2. Mungkin subyek nyanyian itu sendiri tidak menghilangkan pengarahan Islam, tetapi cara menyanyikan yang dilakukan oleh si penyanyi itu beralih dari
lingkungan halal kepada I;ngkungan haram, misalnya lenggang gaya dengan suatu kesengajaan yang dapat membangkitkan nafsu dan menimbulkan fitnah dan
perbuatan cabul.
3. Sebagaimana agama akan selalu memberantas sikap berlebih-lebihan dan kesombongan dalam segala hal sampai pun dalam beribadah, maka begitu juga
halnya berlebih-lebihan dalam hiburan dan menghabiskan waktu untuk berhibur, padahal waktu itu sendiri adalah berarti hidup
Tidak dapat diragukan lagi, bahwa berlebih-lebihan dalam masalah yang mubah dapat menghabiskan waktu untuk melaksanakan kewajiban-kewajiban. Maka
tepatlah kata ahli hikmah: Tidak pernah saya melihat suatu perbuatan yang berlebih-lebihan, melainkan di balik itu ada suatu kewajiban yang terbuang.
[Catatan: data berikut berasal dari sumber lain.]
(* The class $\mathcal U_{\mathrm{fin}}$ of all finite two-sorted ultrametric spaces, with dc-embeddings as morphisms, is a Fraïssé class: it is nonempty, has only countably many dc-isomorphism types, and has the joint embedding property and the amalgamation property. Its Fraïssé limit $\mathbb U$ is dc-isomorphic to $\mathbb U_{\mathbb Q}$, the countable rational Urysohn ultrametric space viewed as a two-sorted space with distance set $\mathbb Q_{\ge 0}$. In particular, $\mathbb U$ is both dc-homogeneous and iso-homogeneous.
   Context: A two-sorted ultrametric space is a triple $(X,d_X,D_X)$ where $D_X$ is a linearly ordered set with least element $0$ (the distance set), $X$ is a set of points, and $d_X\colon X\times X\to D_X$ satisfies $d_X(x,y)=d_X(y,x)$, $d_X(x,y)=0\iff x=y$, and $d_X(x,z)\le \max\{d_X(x,y),d_X(y,z)\}$. It is finite (resp. countable) if both $X$ and $D_X$ are finite (resp. countable). A dc-embedding $f\colon (X,d_X,D_X)\to (Y,d_Y,D_Y)$ is an injective map $f\colon X\to Y$ together with an order embedding $D_f\colon D_X\to D_Y$ with $D_f(0)=0$ such that $d_Y(f(x),f(x'))=D_f(d_X(x,x'))$ for all $x,x'\in X$. A dc-isomorphism is a dc-embedding that is bijective in both sorts. It is an isometric embedding if $D_X\subseteq D_Y$ and $D_f$ is the inclusion; an isometry is a dc-isomorphism with $D_X=D_Y$ and $D_f$ the identity. $A$ is a substructure of $X$ if $A\subseteq X$, $D_A\subseteq D_X$ and the inclusion is a dc-embedding. Joint embedding property: any two objects dc-embed into a common one. Amalgamation property: for all dc-embeddings $\alpha_1\colon A\to B$, $\alpha_2\colon A\to C$ of finite spaces there are a finite $D$ and dc-embeddings $\beta_1\colon B\to D$, $\beta_2\colon C\to D$ with $\beta_1\circ\alpha_1=\beta_2\circ\alpha_2$. The Fraïssé limit of the class is the (unique up to dc-isomorphism) countable two-sorted ultrametric space that is the union of an increasing chain of finite substructures, into which every finite space dc-embeds, and in which every dc-isomorphism between finite substructures extends to a dc-automorphism. A space $X$ is dc-homogeneous if every dc-isomorphism between finite substructures of $X$ extends to a dc-automorphism of $X$; it is iso-homogeneous if every isometry between finite substructures of $X$ extends to an isometry of $X$. $\mathbb U_{\mathbb Q}$ is the unique (up to isometry) countable ultrametric space with all distances in $\mathbb Q_{\ge0}$ into which every finite ultrametric space with rational distances embeds isometrically and in which every isometry between finite subsets extends to an isometry of the whole space. *)

theory Defs
  imports Complex_Main "HOL-Library.Countable_Set"
begin

record ('a, 'b) tsu =
  tpts   :: "'a set"
  tdists :: "'b set"
  tle    :: "'b \<Rightarrow> 'b \<Rightarrow> bool"
  tzero  :: 'b
  tdist  :: "'a \<Rightarrow> 'a \<Rightarrow> 'b"

definition is_tsu :: "('a, 'b) tsu \<Rightarrow> bool" where
  "is_tsu X \<longleftrightarrow>
     (\<forall>s\<in>tdists X. tle X s s) \<and>
     (\<forall>s\<in>tdists X. \<forall>t\<in>tdists X. tle X s t \<and> tle X t s \<longrightarrow> s = t) \<and>
     (\<forall>s\<in>tdists X. \<forall>t\<in>tdists X. \<forall>u\<in>tdists X. tle X s t \<and> tle X t u \<longrightarrow> tle X s u) \<and>
     (\<forall>s\<in>tdists X. \<forall>t\<in>tdists X. tle X s t \<or> tle X t s) \<and>
     tzero X \<in> tdists X \<and> (\<forall>t\<in>tdists X. tle X (tzero X) t) \<and>
     (\<forall>x\<in>tpts X. \<forall>y\<in>tpts X. tdist X x y \<in> tdists X) \<and>
     (\<forall>x\<in>tpts X. \<forall>y\<in>tpts X. tdist X x y = tdist X y x) \<and>
     (\<forall>x\<in>tpts X. \<forall>y\<in>tpts X. tdist X x y = tzero X \<longleftrightarrow> x = y) \<and>
     (\<forall>x\<in>tpts X. \<forall>y\<in>tpts X. \<forall>z\<in>tpts X.
        tle X (tdist X x z) (tdist X x y) \<or> tle X (tdist X x z) (tdist X y z))"
  \<comment> \<open>the last clause is d(x,z) <= max(d(x,y),d(y,z)) in a linear order\<close>

definition finite_tsu :: "('a, 'b) tsu \<Rightarrow> bool" where
  "finite_tsu X \<longleftrightarrow> is_tsu X \<and> finite (tpts X) \<and> finite (tdists X)"

definition countable_tsu :: "('a, 'b) tsu \<Rightarrow> bool" where
  "countable_tsu X \<longleftrightarrow> is_tsu X \<and> countable (tpts X) \<and> countable (tdists X)"

text \<open>dc-embedding (f, g) : X \<rightarrow> Y, with g = D_f.\<close>
definition dc_emb :: "('a, 'b) tsu \<Rightarrow> ('c, 'd) tsu \<Rightarrow> ('a \<Rightarrow> 'c) \<Rightarrow> ('b \<Rightarrow> 'd) \<Rightarrow> bool" where
  "dc_emb X Y f g \<longleftrightarrow>
     inj_on f (tpts X) \<and> f ` tpts X \<subseteq> tpts Y \<and>
     g ` tdists X \<subseteq> tdists Y \<and>
     (\<forall>s\<in>tdists X. \<forall>t\<in>tdists X. tle Y (g s) (g t) \<longleftrightarrow> tle X s t) \<and>
     g (tzero X) = tzero Y \<and>
     (\<forall>x\<in>tpts X. \<forall>x'\<in>tpts X. tdist Y (f x) (f x') = g (tdist X x x'))"

definition dc_iso :: "('a, 'b) tsu \<Rightarrow> ('c, 'd) tsu \<Rightarrow> ('a \<Rightarrow> 'c) \<Rightarrow> ('b \<Rightarrow> 'd) \<Rightarrow> bool" where
  "dc_iso X Y f g \<longleftrightarrow> dc_emb X Y f g \<and>
     bij_betw f (tpts X) (tpts Y) \<and> bij_betw g (tdists X) (tdists Y)"

definition dc_isomorphic :: "('a, 'b) tsu \<Rightarrow> ('c, 'd) tsu \<Rightarrow> bool" where
  "dc_isomorphic X Y \<longleftrightarrow> (\<exists>f g. dc_iso X Y f g)"

definition isometry :: "('a, 'b) tsu \<Rightarrow> ('c, 'b) tsu \<Rightarrow> ('a \<Rightarrow> 'c) \<Rightarrow> bool" where
  "isometry X Y f \<longleftrightarrow> tdists X = tdists Y \<and> dc_iso X Y f id"

definition substructure :: "('a, 'b) tsu \<Rightarrow> ('a, 'b) tsu \<Rightarrow> bool" where
  "substructure A X \<longleftrightarrow> is_tsu A \<and> tpts A \<subseteq> tpts X \<and> tdists A \<subseteq> tdists X \<and>
     dc_emb A X id id"

definition dc_homogeneous :: "('a, 'b) tsu \<Rightarrow> bool" where
  "dc_homogeneous X \<longleftrightarrow>
     (\<forall>A B f g. substructure A X \<and> finite_tsu A \<and> substructure B X \<and> finite_tsu B \<and>
        dc_iso A B f g \<longrightarrow>
        (\<exists>F G. dc_iso X X F G \<and> (\<forall>x\<in>tpts A. F x = f x) \<and> (\<forall>t\<in>tdists A. G t = g t)))"

definition iso_homogeneous :: "('a, 'b) tsu \<Rightarrow> bool" where
  "iso_homogeneous X \<longleftrightarrow>
     (\<forall>A B f. substructure A X \<and> finite_tsu A \<and> substructure B X \<and> finite_tsu B \<and>
        isometry A B f \<longrightarrow>
        (\<exists>F. isometry X X F \<and> (\<forall>x\<in>tpts A. F x = f x)))"

text \<open>Fraisse limit of the class of finite two-sorted ultrametric spaces.
  Universality is quantified over finite spaces carried by nat (every finite
  space is dc-isomorphic to one of these).\<close>
definition fraisse_limit :: "('a, 'b) tsu \<Rightarrow> bool" where
  "fraisse_limit U \<longleftrightarrow> countable_tsu U \<and>
     (\<exists>C :: nat \<Rightarrow> ('a, 'b) tsu.
        (\<forall>n. substructure (C n) U \<and> finite_tsu (C n)) \<and>
        (\<forall>n. substructure (C n) (C (Suc n))) \<and>
        tpts U = (\<Union>n. tpts (C n)) \<and> tdists U = (\<Union>n. tdists (C n))) \<and>
     (\<forall>A :: (nat, nat) tsu. finite_tsu A \<longrightarrow> (\<exists>f g. dc_emb A U f g)) \<and>
     dc_homogeneous U"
4. Tinggal ada beberapa hal yang seharusnya setiap pendengarnya itu sendiri yang memberitahu kepada dirinya sendiri, yaitu apabila nyanyian atau satu macam
nyanyian itu dapat membangkitkan nafsu dan menimbulkan fitnah serta nafsu kebinatangannya itu dapat mengalahkan segi rohaniahnya, maka dia harus
menjauhi nyanyian tersebut dan dia harus menutup pintu yang dari situlah angin fitnah akan menghembus, demi melindungi hatinya, agamanya dan budi luhurnya.
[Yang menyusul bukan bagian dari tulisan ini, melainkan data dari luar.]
definition GPG_edge :: "nat \<Rightarrow> int \<Rightarrow> (bool \<times> int) \<Rightarrow> (bool \<times> int) \<Rightarrow> bool" where
  "GPG_edge n k v w \<longleftrightarrow> (\<exists>i\<in>{0..<int n}.
      (v = (False, i) \<and> w = (False, (i + 1) mod int n)) \<or>
      (v = (False, i) \<and> w = (True, i)) \<or>
      (v = (True, i) \<and> w = (True, (i + k) mod int n)))"

definition GPG_adj :: "nat \<Rightarrow> int \<Rightarrow> (bool \<times> int) \<Rightarrow> (bool \<times> int) \<Rightarrow> bool" where
  "GPG_adj n k v w \<longleftrightarrow> GPG_edge n k v w \<or> GPG_edge n k w v"

definition graph_iso :: "'v set \<Rightarrow> ('v \<Rightarrow> 'v \<Rightarrow> bool) \<Rightarrow> 'w set \<Rightarrow> ('w \<Rightarrow> 'w \<Rightarrow> bool) \<Rightarrow> bool" where
  "graph_iso V E W F \<longleftrightarrow> (\<exists>\<phi>. bij_betw \<phi> V W \<and>
      (\<forall>x\<in>V. \<forall>y\<in>V. E x y \<longleftrightarrow> F (\<phi> x) (\<phi> y)))"

end

(*
  In characteristic 2 the map x -> x^q0 is additive, and adjacency of two neighbours
  amounts to the vanishing of the binary form a^(q0+1) + v a^q0 b + (v+1) a b^q0 at (a, b) or
  (a, a+b), or of the form of condition (U2), which never vanishes.  If v = alpha^q0/(alpha + alpha^q0),
  then (alpha + alpha^q0) times this form equals (alpha a)^q0 (a+b) + (alpha a) (a+b)^q0, and since
  x -> x^(q0-1) is injective on the nonzero elements when gcd(q-1, q0-1) = 1, it vanishes only for
  b = a or a + b = alpha a.  Here alpha = 1 + eta for v = u and alpha = 1/(1 + eta) for v = u+1.
  Consequently the neighbours eta^i of the first kind form the outer cycle, the neighbours
  eta^(i-k-1) of the second kind form the inner cycle of step k (as 1 + eta = eta^(k+1)), and the
  two with the same i are joined by a spoke.
*)

theory Submission
  imports Defs "HOL-Computational_Algebra.Primes" "HOL-Number_Theory.Residues"
begin

lemma CHAR_eq_2_if_card_eq_power_2:
  assumes "CARD('a::{field,finite}) = 2 ^ f"
  shows "CHAR('a) = 2"
proof -
  have prime: "prime CHAR('a)"
    by (rule prime_CHAR_semidom) (simp add: finite_imp_CHAR_pos)
  moreover have "CHAR('a) dvd 2 ^ f"
    using CHAR_dvd_CARD[where 'a = 'a] assms by simp
  ultimately have "CHAR('a) dvd 2"
    by (rule prime_dvd_power)
  with prime show ?thesis
    by (simp add: primes_dvd_imp_eq)
qed

lemma two_eq_zero_if_CHAR_2: "CHAR('a::semiring_1) = 2 \<Longrightarrow> (2::'a) = 0"
  using of_nat_CHAR[where 'a = 'a] by simp

lemma add_eq_0_iff_eq_if_CHAR_2:
  fixes x y :: "'a::ring_1"
  assumes "CHAR('a) = 2"
  shows "x + y = 0 \<longleftrightarrow> x = y"
  using uminus_CHAR_2[OF assms, of y] by (auto simp: add_eq_0_iff2)

lemma Frobenius_additive_if_CHAR_2:
  fixes x y :: "'a::comm_semiring_1"
  assumes "CHAR('a) = 2"
  shows "(x + y) ^ (2 ^ e) = x ^ (2 ^ e) + y ^ (2 ^ e)"
  using assms by (intro freshmans_dream') simp_all

lemma field_power_card_minus_1:
  fixes x :: "'a::{field,finite}"
  assumes "x \<noteq> 0"
  shows "x ^ (CARD('a) - 1) = 1"
proof -
  have "(\<Prod>y\<in>UNIV-{0}. x * y) = (\<Prod>y\<in>UNIV-{0::'a}. y)"
    by (rule prod.reindex_bij_witness[of _ "\<lambda>y. y / x" "\<lambda>y. x * y"]) (use assms in auto)
  moreover have "(\<Prod>y\<in>UNIV-{0}. x * y) = x ^ card (UNIV-{0::'a}) * (\<Prod>y\<in>UNIV-{0::'a}. y)"
    by (simp add: prod.distrib)
  moreover have "(\<Prod>y\<in>UNIV-{0::'a}. y) \<noteq> 0"
    by simp
  ultimately show ?thesis
    by (simp add: card_Diff_singleton)
qed

lemma CARD_field_ge_2: "CARD('a::{field,finite}) \<ge> 2"
proof -
  have "card {0::'a, 1} \<le> CARD('a)"
    by (rule card_mono) simp_all
  then show ?thesis
    by simp
qed

lemma power_eq_power_imp_eq_if_coprime_card:
  fixes x y :: "'a::{field,finite}"
  assumes "coprime (CARD('a) - 1) m" and "x \<noteq> 0" "y \<noteq> 0" and "x ^ m = y ^ m"
  shows "x = y"
proof -
  define z where "z = x / y"
  have z_nonzero: "z \<noteq> 0" and "z ^ m = 1"
    using assms(2-4) by (simp_all add: z_def power_divide)
  have "CARD('a) - 1 \<noteq> 0"
    using CARD_field_ge_2[where 'a = 'a] by simp
  then obtain s t where st: "(CARD('a) - 1) * s = m * t + 1"
    using bezout_nat[of "CARD('a) - 1" m] assms(1) by auto
  have "1 = (z ^ (CARD('a) - 1)) ^ s"
    using field_power_card_minus_1[OF z_nonzero] by simp
  also have "\<dots> = (z ^ m) ^ t * z"
    unfolding power_mult[symmetric] st by (simp add: power_mult)
  finally have "z = 1"
    using \<open>z ^ m = 1\<close> by simp
  then show ?thesis
    using assms(3) by (simp add: z_def)
qed

lemma power_mult_eq_power_mult_swap_iff:
  fixes x y :: "'a::{field,finite}"
  assumes "coprime (CARD('a) - 1) (m - 1)" and "m > 0"
  shows "x ^ m * y = y ^ m * x \<longleftrightarrow> x = 0 \<or> y = 0 \<or> x = y"
proof (cases "x = 0 \<or> y = 0")
  case False
  have "x ^ m * y = y ^ m * x \<longleftrightarrow> x ^ (m - 1) * (x * y) = y ^ (m - 1) * (x * y)"
    using \<open>m > 0\<close> by (simp add: ac_simps flip: power_minus_mult)
  also have "\<dots> \<longleftrightarrow> x ^ (m - 1) = y ^ (m - 1)"
    using False by simp
  also have "\<dots> \<longleftrightarrow> x = y"
    using power_eq_power_imp_eq_if_coprime_card[OF assms(1)] False by blast
  finally show ?thesis
    using False by simp
qed (use \<open>m > 0\<close> in auto)

lemma power_eq_power_mod_if_power_eq_1:
  fixes x :: "'a::monoid_mult"
  assumes "x ^ r = 1"
  shows "x ^ m = x ^ (m mod r)"
proof -
  have "x ^ m = (x ^ r) ^ (m div r) * x ^ (m mod r)"
    by (simp flip: power_mult power_add)
  then show ?thesis
    using assms by simp
qed

lemma primitive_elem_nonzero: "primitive_elem \<eta> \<Longrightarrow> \<eta> \<noteq> 0"
  unfolding primitive_elem_def by blast

lemma primitive_elem_power_eq_1_iff:
  fixes \<eta> :: "'a::{field,finite}"
  assumes "primitive_elem \<eta>"
  shows "\<eta> ^ m = 1 \<longleftrightarrow> (CARD('a) - 1) dvd m"
proof
  assume "(CARD('a) - 1) dvd m"
  then show "\<eta> ^ m = 1"
    using field_power_card_minus_1[OF primitive_elem_nonzero[OF assms]] by (auto simp: power_mult)
next
  assume "\<eta> ^ m = 1"
  define r where "r = m mod (CARD('a) - 1)"
  have "\<eta> ^ r = 1"
    using \<open>\<eta> ^ m = 1\<close> power_eq_power_mod_if_power_eq_1[of \<eta> "CARD('a) - 1" m]
      field_power_card_minus_1[OF primitive_elem_nonzero[OF assms]]
    by (simp add: r_def)
  have "r = 0"
  proof (rule ccontr)
    assume "r \<noteq> 0"
    have "UNIV - {0} \<subseteq> (\<lambda>l. \<eta> ^ l) ` {..<r}"
    proof
      fix x :: 'a
      assume "x \<in> UNIV - {0}"
      then obtain l where "x = \<eta> ^ l"
        using assms unfolding primitive_elem_def by blast
      then have "x = \<eta> ^ (l mod r)"
        using power_eq_power_mod_if_power_eq_1[OF \<open>\<eta> ^ r = 1\<close>] by simp
      then show "x \<in> (\<lambda>l. \<eta> ^ l) ` {..<r}"
        using \<open>r \<noteq> 0\<close> by auto
    qed
    then have "CARD('a) - 1 \<le> r"
      using surj_card_le[OF finite_lessThan] by (metis card_Diff_singleton card_lessThan finite UNIV_I)
    moreover have "r < CARD('a) - 1"
      using CARD_field_ge_2[where 'a = 'a] by (simp add: r_def)
    ultimately show False
      by simp
  qed
  then show "(CARD('a) - 1) dvd m"
    by (simp add: r_def mod_eq_0_iff_dvd)
qed

lemma primitive_elem_power_int_eq_1_iff:
  fixes \<eta> :: "'a::{field,finite}"
  assumes "primitive_elem \<eta>"
  shows "\<eta> powi d = 1 \<longleftrightarrow> int (CARD('a) - 1) dvd d"
proof -
  define n where "n = CARD('a) - 1"
  have "\<eta> ^ m = 1 \<longleftrightarrow> n dvd m" for m
    unfolding n_def by (rule primitive_elem_power_eq_1_iff[OF assms])
  then show ?thesis
    unfolding n_def[symmetric]
    by (cases d rule: int_cases2) (simp_all add: power_int_minus power_int_of_nat)
qed

lemma primitive_elem_power_int_eq_iff:
  fixes \<eta> :: "'a::{field,finite}"
  assumes "primitive_elem \<eta>"
  shows "\<eta> powi i = \<eta> powi j \<longleftrightarrow> i mod int (CARD('a) - 1) = j mod int (CARD('a) - 1)"
proof -
  have "\<eta> powi i = \<eta> powi j \<longleftrightarrow> \<eta> powi (i - j) = 1"
    using primitive_elem_nonzero[OF assms] by (simp add: power_int_diff)
  then show ?thesis
    by (simp add: primitive_elem_power_int_eq_1_iff[OF assms] mod_eq_dvd_iff)
qed

section \<open>A binary form in characteristic 2\<close>

lemma add_mult_eq_imp_succ_mult_eq_if_CHAR_2:
  fixes v x y :: "'a::comm_ring_1"
  assumes "CHAR('a) = 2" and "v * (x + y) = y"
  shows "(v + 1) * (x + y) = x"
proof -
  have "(v + 1) * (x + y) = x + 2 * y"
    using assms(2) by (simp add: algebra_simps)
  then show ?thesis
    by (simp add: two_eq_zero_if_CHAR_2[OF assms(1)])
qed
Sehingga dengan demikian dia dapat tenang dan gembira.
5. Di antara yang sudah disepakati, bahwa nyanyian yang disertai dengan perbuatan-perbuatan haram lainnya seperti: di persidangan arak, dicampur dengan
perbuatan cabul dan maksiat, maka di sinilah yang oleh Rasulullah s.a.w.
pelakunya, dan pendengarnya diancam dengan siksaan yang sangat, yaitu sebagaimana sabda beliau:
Sungguh akan ada beberapa orang dari ummatku yang minum arak, mereka namakan dengan nama lain, kepala mereka itu bisa dilalaikan dengan bunyi-
bunyian dan nyanyian-nyanyian, maka Allah akan tenggelamkan mereka itu kedalam bumi dan akan menjadikan mereka itu seperti kera dan babi. Riwayat
Ibnu Majah
Bukan merupakan kelaziman kalau mereka itu dirombak bentuk dan potongannya, tetapi apa yang dimaksud dirombak jiwanya dan rohnya. Bentuknya bentuk
manusia tetapi jiwanya, jiwa kera dan rohnya roh babi.